Work required:
Find the line with "k \<longrightarrow> f" in the entries below, then reproduce it and every line after it down to and including the line with "(mono_grid k m) \<le>", exactly.

Information:
(* There are absolute constants $c^*,\kappa>0$ such that for every $k\ge1$, every random variable $Y$ in $[0,1]^k$ with $Y_1\le\dots\le Y_k$ almost surely, and every $s>0$, $$D^{(q)}(r\,|\,Y,\|\cdot\|_\infty,s)\le\frac{\kappa}{k}e^{-r/k}\qquad\text{for all }r\ge c^*k.$$
   Context: $D^{(q)}(r\,|\,Y,\|\cdot\|_\infty,s)=\inf\{(\mathbb E\min_{a\in\mathcal C}\|Y-a\|_\infty^s)^{1/s}:\mathcal C\subset\mathbb R^k\text{ finite},\ \log\#\mathcal C\le r\}$ (natural log). *)

theory Defs
  imports "HOL-Probability.Probability"
begin

text \<open>Vectors of R^k are represented as functions nat => real; only the
coordinates i < k are relevant. A random vector Y is represented by its law,
a probability measure on the product space PiM {..<k} (\<lambda>_. borel).\<close>

definition linf_dist :: "nat \<Rightarrow> (nat \<Rightarrow> real) \<Rightarrow> (nat \<Rightarrow> real) \<Rightarrow> real" where
  "linf_dist k x a = (MAX i\<in>{..<k}. \<bar>x i - a i\<bar>)"

definition quant_err :: "nat \<Rightarrow> (nat \<Rightarrow> real) measure \<Rightarrow> real \<Rightarrow> (nat \<Rightarrow> real) set \<Rightarrow> real" where
  "quant_err k M s C = (\<integral>x. (MIN a\<in>C. linf_dist k x a) powr s \<partial>M) powr (1 / s)"

definition Dq :: "nat \<Rightarrow> (nat \<Rightarrow> real) measure \<Rightarrow> real \<Rightarrow> real \<Rightarrow> real" where
  "Dq k M s r = Inf {quant_err k M s C | C. finite C \<and> C \<noteq> {} \<and> ln (real (card C)) \<le> r}"

end

theory Submission
  imports Defs
begin

text \<open>Quantize with the grid of nondecreasing vectors in \<open>(1/m)\<int>\<^sup>k \<inter> [0,1]\<^sup>k\<close>: rounding each
coordinate of a nondecreasing \<open>Y\<close> down to \<open>(1/m)\<int>\<close> keeps it nondecreasing and moves it by at
most \<open>1/m\<close> in the sup-norm. Through \<open>f \<mapsto> {f\<^sub>i + i}\<close> such grid vectors inject into the
\<open>k\<close>-subsets of \<open>{0,\<dots>,m+k-1}\<close>, so there are at most \<open>C(m+k,k) \<le> (e(m+k)/k)\<^sup>k\<close> of them.
Choosing \<open>m \<approx> k exp(r/k) / (2e)\<close> makes this at most \<open>exp r\<close> as soon as \<open>r \<ge> 3k\<close>, while the
error \<open>1/m\<close> is at most \<open>(2e/k) exp(-r/k)\<close>.\<close>

lemma strict_mono_on_lessThan_eq_if_image_eq:
  fixes f g :: "nat \<Rightarrow> 'a::linorder"
  assumes "strict_mono_on {..<k} f" "strict_mono_on {..<k} g"
    and "f ` {..<k} = g ` {..<k}" and "i < k"
  shows "f i = g i"
proof -
  have "sorted_wrt (<) (map h [0..<k])" if "strict_mono_on {..<k} h" for h :: "nat \<Rightarrow> 'a"
    using that by (auto simp: sorted_wrt_iff_nth_less strict_mono_on_def)
  then have "map f [0..<k] = map g [0..<k]"
    using assms(1-3) by (intro strict_sorted_equal) (auto simp flip: atLeast0LessThan)
  then show ?thesis
    using \<open>i < k\<close> by (metis add_0 diff_zero nth_map_upt)
qed

text \<open>The coordinates \<open>i \<ge> k\<close> are pinned to \<open>0\<close> so that the grid is a finite set of functions.\<close>

definition mono_grid :: "nat \<Rightarrow> nat \<Rightarrow> (nat \<Rightarrow> nat) set" where
  "mono_grid k m = {f. (\<forall>i j. i \<le> j \<longrightarrow> j < k \<longrightarrow> f i \<le> f j) \<and> (\<forall>i<k. f i \<le> m) \<and> (\<forall>i\<ge>k. f i = 0)}"

lemma strict_mono_on_shift_mono_grid:
  assumes "f \<in> mono_grid k m"
  shows "strict_mono_on {..<k} (\<lambda>i. f i + i)"
  using assms unfolding mono_grid_def strict_mono_on_def
  by (metis (no_types, lifting) add_le_less_mono lessThan_iff mem_Collect_eq order_less_imp_le)

lemma mono_grid_shift_image:
  shows "inj_on (\<lambda>f. (\<lambda>i. f i + i) ` {..<k}) (mono_grid k m)"
    and "(\<lambda>f. (\<lambda>i. f i + i) ` {..<k}) ` mono_grid k m \<subseteq> {K \<in> Pow {0..<m + k}. card K = k}"
proof -
  show "inj_on (\<lambda>f. (\<lambda>i. f i + i) ` {..<k}) (mono_grid k m)"
  proof (rule inj_onI, rule ext)
    fix f g i
    assume f: "f \<in> mono_grid k m" and g: "g \<in> mono_grid k m"
      and eq: "(\<lambda>i. f i + i) ` {..<k} = (\<lambda>i. g i + i) ` {..<k}"
    show "f i = g i"
    proof (cases "i < k")
      case True
      then show ?thesis
        using strict_mono_on_lessThan_eq_if_image_eq[OF strict_mono_on_shift_mono_grid[OF f]
            strict_mono_on_shift_mono_grid[OF g] eq] by simp
    qed (use f g in \<open>simp add: mono_grid_def\<close>)
  qed
  show "(\<lambda>f. (\<lambda>i. f i + i) ` {..<k}) ` mono_grid k m \<subseteq> {K \<in> Pow {0..<m + k}. card K = k}"
  proof (rule image_subsetI)
    fix f assume f: "f \<in> mono_grid k m"
    have "(\<lambda>i. f i + i) ` {..<k} \<subseteq> {0..<m + k}"
      using f by (auto simp: mono_grid_def intro: add_le_less_mono)
    moreover have "card ((\<lambda>i. f i + i) ` {..<k}) = k"
      using strict_mono_on_imp_inj_on[OF strict_mono_on_shift_mono_grid[OF f]]
      by (simp add: card_image)
    ultimately show "(\<lambda>i. f i + i) ` {..<k} \<in> {K \<in> Pow {0..<m + k}. card K = k}"
      by simp
  qed
qed

lemma finite_mono_grid: "finite (mono_grid k m)"
  using mono_grid_shift_image by (rule inj_on_finite) simp

lemma card_mono_grid_le: "card (mono_grid k m) \<le> (m + k) choose k"
  unfolding binomial_def using mono_grid_shift_image by (rule card_inj_on_le) simp

lemma power_le_exp_mult_fact:
  fixes x :: real
  assumes "0 \<le> x"
  shows "x ^ n \<le> exp x * fact n"
proof -
  have "(\<Sum>j\<in>{n}. x ^ j /\<^sub>R fact j) \<le> (\<Sum>j. x ^ j /\<^sub>R fact j)"
    using exp_converges[of x] assms by (intro sum_le_suminf) (auto simp: sums_iff)
  then have "x ^ n / fact n \<le> exp x"
    using exp_converges[of x] by (simp add: sums_iff divide_inverse mult.commute)
  then show ?thesis
    by (simp add: divide_le_eq mult.commute)
qed

lemma binomial_le_exp_pow:
  assumes "0 < k"
  shows "real (n choose k) \<le> (exp 1 * real n / real k) ^ k"
proof -
  have "real (n choose k) * real k ^ k \<le> real (n choose k) * (exp 1 ^ k * fact k)"
    using power_le_exp_mult_fact[of "real k" k]
    by (intro mult_left_mono) (simp_all flip: exp_of_nat_mult)
  also have "\<dots> = exp 1 ^ k * (real (n choose k) * fact k)"
    by simp
  also have "\<dots> \<le> exp 1 ^ k * real n ^ k"
    using binomial_fact_pow[of n k]
    by (intro mult_left_mono) (metis of_nat_fact of_nat_le_iff of_nat_mult of_nat_power, simp)
  finally show ?thesis
    using assms by (simp add: field_simps)
qed

lemma binomial_ceiling_le_exp:
  fixes t :: real
  assumes k: "1 \<le> k" and t: "3 \<le> t"
  defines "m \<equiv> nat \<lceil>real k * exp t / (2 * exp 1)\<rceil>"
  shows "real ((m + k) choose k) \<le> exp (real k * t)"
proof -
  have "2 \<le> exp (1::real)" "2 \<le> exp (t - 2)"
    using exp_ge_add_one_self[of 1] exp_ge_add_one_self[of "t - 2"] t by linarith+
  then have "2 * 2 \<le> exp 1 * exp (t - 2)"
    by (intro mult_mono) auto
  then have "4 * exp 1 \<le> exp 1 * (exp 1 * exp (t - 2))"
    by simp
  also have "\<dots> = exp t"
    by (simp flip: exp_add)
  finally have exp_t: "4 * exp 1 \<le> exp t" .
  have "real m \<le> real k * exp t / (2 * exp 1) + 1"
    unfolding m_def by (simp add: ceiling_correct)
  then have "exp 1 * real (m + k) \<le> exp 1 * (real k * exp t / (2 * exp 1) + 1 + real k)"
    by (intro mult_left_mono) auto
  also have "\<dots> = real k * exp t / 2 + exp 1 * (1 + real k)"
    by (simp add: field_simps)
  also have "\<dots> \<le> real k * exp t / 2 + exp 1 * (2 * real k)"
    using k by (intro add_left_mono mult_left_mono) auto
  also have "\<dots> \<le> real k * exp t"
    using mult_left_mono[OF exp_t, of "real k"] by (simp add: field_simps)
  finally have base: "exp 1 * real (m + k) / real k \<le> exp t"
    using k by (simp add: divide_le_eq mult.commute)
  have "real ((m + k) choose k) \<le> (exp 1 * real (m + k) / real k) ^ k"
    using k by (intro binomial_le_exp_pow) simp
  also have "\<dots> \<le> exp t ^ k"
    using base by (rule power_mono) simp
  also have "\<dots> = exp (real k * t)"
    by (simp add: exp_of_nat_mult)
  finally show ?thesis .
qed

lemma linf_dist_nonneg:
  assumes "0 < k"
  shows "0 \<le> linf_dist k x a"
proof -
  have "\<bar>x 0 - a 0\<bar> \<le> linf_dist k x a"
    unfolding linf_dist_def using assms by (intro Max_ge) auto
  then show ?thesis
    by linarith
qed

lemma linf_dist_le:
  assumes "0 < k" and "\<And>i. i < k \<Longrightarrow> \<bar>x i - a i\<bar> \<le> \<delta>"
  shows "linf_dist k x a \<le> \<delta>"
  unfolding linf_dist_def using assms by (auto simp: lessThan_empty_iff intro!: Max.boundedI)

definition mono_codebook :: "nat \<Rightarrow> nat \<Rightarrow> (nat \<Rightarrow> real) set" where
  "mono_codebook k m = (\<lambda>f i. real (f i) / real m) ` mono_grid k m"

lemma finite_mono_codebook: "finite (mono_codebook k m)"
  unfolding mono_codebook_def using finite_mono_grid by simp

lemma mono_codebook_nonempty: "mono_codebook k m \<noteq> {}"
proof -
  have "(\<lambda>_. 0) \<in> mono_grid k m"
    by (simp add: mono_grid_def)
  then show ?thesis
    unfolding mono_codebook_def by blast
qed

lemma card_mono_codebook_le: "card (mono_codebook k m) \<le> (m + k) choose k"
  unfolding mono_codebook_def
  using card_image_le[OF finite_mono_grid] card_mono_grid_le by (rule le_trans)

lemma ln_card_mono_codebook_le:
  fixes t :: real
  assumes "1 \<le> k" and "3 \<le> t"
  shows "ln (real (card (mono_codebook k (nat \<lceil>real k * exp t / (2 * exp 1)\<rceil>)))) \<le> real k * t"
proof -
  let ?C = "mono_codebook k (nat \<lceil>real k * exp t / (2 * exp 1)\<rceil>)"
  have "0 < card ?C"
    using finite_mono_codebook mono_codebook_nonempty by (simp add: card_gt_0_iff)
  moreover have "real (card ?C) \<le> exp (real k * t)"
    using card_mono_codebook_le binomial_ceiling_le_exp[OF assms] of_nat_mono order_trans by blast
  ultimately show ?thesis
    by (metis exp_gt_zero ln_exp ln_le_cancel_iff of_nat_0_less_iff)
qed

lemma mono_codebook_covers:
  assumes k: "0 < k" and m: "0 < m"
    and x_unit: "\<forall>i<k. 0 \<le> x i \<and> x i \<le> 1"
    and x_mono: "\<forall>i j. i \<le> j \<longrightarrow> j < k \<longrightarrow> x i \<le> x j"
  shows "\<exists>a\<in>mono_codebook k m. linf_dist k x a \<le> 1 / real m"
proof -
  define f where "f i = (if i < k then nat \<lfloor>x i * real m\<rfloor> else 0)" for i
  have "f \<in> mono_grid k m"
    unfolding mono_grid_def
  proof (intro CollectI conjI allI impI)
    fix i j assume "i \<le> j" "j < k"
    then show "f i \<le> f j"
      using x_mono unfolding f_def by (auto intro!: nat_mono floor_mono mult_right_mono)
  next
    fix i assume "i < k"
    then have "x i * real m \<le> real m"
      using x_unit by (simp add: mult_left_le_one_le)
    then have "\<lfloor>x i * real m\<rfloor> \<le> int m"
      by (metis floor_mono floor_of_nat)
    then show "f i \<le> m"
      using \<open>i < k\<close> unfolding f_def by simp
  qed (simp add: f_def)
  moreover have "linf_dist k x (\<lambda>i. real (f i) / real m) \<le> 1 / real m"
  proof (rule linf_dist_le[OF k])
    fix i assume "i < k"
    then have "real (f i) = of_int \<lfloor>x i * real m\<rfloor>"
      using x_unit by (simp add: f_def)
    then have "\<bar>x i * real m - real (f i)\<bar> \<le> 1"
      by linarith
    moreover have "x i - real (f i) / real m = (x i * real m - real (f i)) / real m"
      using m by (simp add: field_simps)
    ultimately show "\<bar>x i - real (f i) / real m\<bar> \<le> 1 / real m"
      by (simp add: abs_divide divide_right_mono)
  qed
  ultimately show ?thesis
    unfolding mono_codebook_def by blast
qed

lemma Dq_le_quant_err:
  assumes "finite C" and "C \<noteq> {}" and "ln (real (card C)) \<le> r"
  shows "Dq k M s r \<le> quant_err k M s C"
  unfolding Dq_def
  by (rule cInf_lower) (use assms in \<open>auto simp: quant_err_def intro!: bdd_belowI[of _ 0]\<close>)

lemma quant_err_le:
  assumes "prob_space M" and "finite C" and "0 < k" and "0 < s" and "0 \<le> \<delta>"
    and cover: "AE x in M. \<exists>a\<in>C. linf_dist k x a \<le> \<delta>"
  shows "quant_err k M s C \<le> \<delta>"
proof -
  interpret prob_space M by fact
  have "(\<integral>x. (MIN a\<in>C. linf_dist k x a) powr s \<partial>M) \<le> (\<integral>x. \<delta> powr s \<partial>M)"
  proof (rule integral_mono_AE')
    show "AE x in M. (MIN a\<in>C. linf_dist k x a) powr s \<le> \<delta> powr s"
      using cover
    proof eventually_elim
      case (elim x)
      then obtain a where a: "a \<in> C" "linf_dist k x a \<le> \<delta>"
        by blast
      then have "(MIN a\<in>C. linf_dist k x a) \<le> \<delta>"
        using \<open>finite C\<close> by (meson Min_le finite_imageI imageI order_trans)
      moreover have "0 \<le> (MIN a\<in>C. linf_dist k x a)"
        using \<open>finite C\<close> a(1) linf_dist_nonneg[OF \<open>0 < k\<close>] by (subst Min_ge_iff) auto
      ultimately show ?case
        using \<open>0 < s\<close> by (intro powr_mono2) auto
    qed
  qed simp_all
  then have "(\<integral>x. (MIN a\<in>C. linf_dist k x a) powr s \<partial>M) \<le> \<delta> powr s"
    by (simp add: prob_space)
  then have "quant_err k M s C \<le> (\<delta> powr s) powr (1 / s)"
    unfolding quant_err_def using \<open>0 < s\<close> by (intro powr_mono2) (auto intro: integral_nonneg)
  also have "\<dots> = \<delta>"
    using \<open>0 < s\<close> \<open>0 \<le> \<delta>\<close> by (simp add: powr_powr)
  finally show ?thesis .
qed

theorem lemma4:
  shows "\<exists>cstar::real. \<exists>\<kappa>::real. cstar > 0 \<and> \<kappa> > 0 \<and>
    (\<forall>(k::nat) (M::(nat \<Rightarrow> real) measure) (s::real) (r::real).
       k \<ge> 1 \<longrightarrow> prob_space M \<longrightarrow>
       sets M = sets (PiM {..<k} (\<lambda>_. borel)) \<longrightarrow>
       (AE x in M. (\<forall>i<k. 0 \<le> x i \<and> x i \<le> 1) \<and> (\<forall>i j. i \<le> j \<longrightarrow> j < k \<longrightarrow> x i \<le> x j)) \<longrightarrow>
       s > 0 \<longrightarrow> r \<ge> cstar * real k \<longrightarrow>
       Dq k M s r \<le> \<kappa> / real k * exp (- r / real k))"
proof (intro exI conjI allI impI)
  show "(3::real) > 0" and "2 * exp 1 > (0::real)"
    by simp_all
  fix k :: nat and M :: "(nat \<Rightarrow> real) measure" and s r :: real
  assume k: "k \<ge> 1" and M: "prob_space M" and "sets M = sets (PiM {..<k} (\<lambda>_. borel))"
    and Y: "AE x in M. (\<forall>i<k. 0 \<le> x i \<and> x i \<le> 1) \<and> (\<forall>i j. i \<le> j \<longrightarrow> j < k \<longrightarrow> x i \<le> x j)"
    and s: "s > 0" and r: "r \<ge> 3 * real k"
  define t where "t = r / real k"
  define m where "m = nat \<lceil>real k * exp t / (2 * exp 1)\<rceil>"
  have t: "3 \<le> t" and r_eq: "r = real k * t"
    using r k by (simp_all add: t_def le_divide_eq)
  have m_ge: "real k * exp t / (2 * exp 1) \<le> real m"
    unfolding m_def by (rule real_nat_ceiling_ge)
  moreover have "0 < real k * exp t / (2 * exp 1)"
    using k by simp
  ultimately have m_pos: "0 < m"
    by linarith
  have "Dq k M s r \<le> quant_err k M s (mono_codebook k m)"
    using finite_mono_codebook mono_codebook_nonempty ln_card_mono_codebook_le[OF k t]
    by (intro Dq_le_quant_err) (simp_all add: m_def r_eq)
  also have "\<dots> \<le> 1 / real m"
  proof (rule quant_err_le[OF M finite_mono_codebook])
    show "AE x in M. \<exists>a\<in>mono_codebook k m. linf_dist k x a \<le> 1 / real m"
      using Y by eventually_elim (use mono_codebook_covers k m_pos in auto)
  qed (use k s in simp_all)
  also have "\<dots> \<le> 2 * exp 1 / real k * exp (- r / real k)"
    using m_ge m_pos k by (simp add: t_def exp_minus divide_simps) (simp add: field_simps)
  finally show "Dq k M s r \<le> 2 * exp 1 / real k * exp (- r / real k)" .
qed

end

Worked solution:
  "mono_grid k m = {f. (\<forall>i j. i \<le> j \<longrightarrow> j < k \<longrightarrow> f i \<le> f j) \<and> (\<forall>i<k. f i \<le> m) \<and> (\<forall>i\<ge>k. f i = 0)}"

lemma strict_mono_on_shift_mono_grid:
  assumes "f \<in> mono_grid k m"
  shows "strict_mono_on {..<k} (\<lambda>i. f i + i)"
  using assms unfolding mono_grid_def strict_mono_on_def
  by (metis (no_types, lifting) add_le_less_mono lessThan_iff mem_Collect_eq order_less_imp_le)

lemma mono_grid_shift_image:
  shows "inj_on (\<lambda>f. (\<lambda>i. f i + i) ` {..<k}) (mono_grid k m)"
    and "(\<lambda>f. (\<lambda>i. f i + i) ` {..<k}) ` mono_grid k m \<subseteq> {K \<in> Pow {0..<m + k}. card K = k}"
proof -
  show "inj_on (\<lambda>f. (\<lambda>i. f i + i) ` {..<k}) (mono_grid k m)"
  proof (rule inj_onI, rule ext)
    fix f g i
    assume f: "f \<in> mono_grid k m" and g: "g \<in> mono_grid k m"
      and eq: "(\<lambda>i. f i + i) ` {..<k} = (\<lambda>i. g i + i) ` {..<k}"
    show "f i = g i"
    proof (cases "i < k")
      case True
      then show ?thesis
        using strict_mono_on_lessThan_eq_if_image_eq[OF strict_mono_on_shift_mono_grid[OF f]
            strict_mono_on_shift_mono_grid[OF g] eq] by simp
    qed (use f g in \<open>simp add: mono_grid_def\<close>)
  qed
  show "(\<lambda>f. (\<lambda>i. f i + i) ` {..<k}) ` mono_grid k m \<subseteq> {K \<in> Pow {0..<m + k}. card K = k}"
  proof (rule image_subsetI)
    fix f assume f: "f \<in> mono_grid k m"
    have "(\<lambda>i. f i + i) ` {..<k} \<subseteq> {0..<m + k}"
      using f by (auto simp: mono_grid_def intro: add_le_less_mono)
    moreover have "card ((\<lambda>i. f i + i) ` {..<k}) = k"
      using strict_mono_on_imp_inj_on[OF strict_mono_on_shift_mono_grid[OF f]]
      by (simp add: card_image)
    ultimately show "(\<lambda>i. f i + i) ` {..<k} \<in> {K \<in> Pow {0..<m + k}. card K = k}"
      by simp
  qed
qed

lemma finite_mono_grid: "finite (mono_grid k m)"
  using mono_grid_shift_image by (rule inj_on_finite) simp

lemma card_mono_grid_le: "card (mono_grid k m) \<le> (m + k) choose k"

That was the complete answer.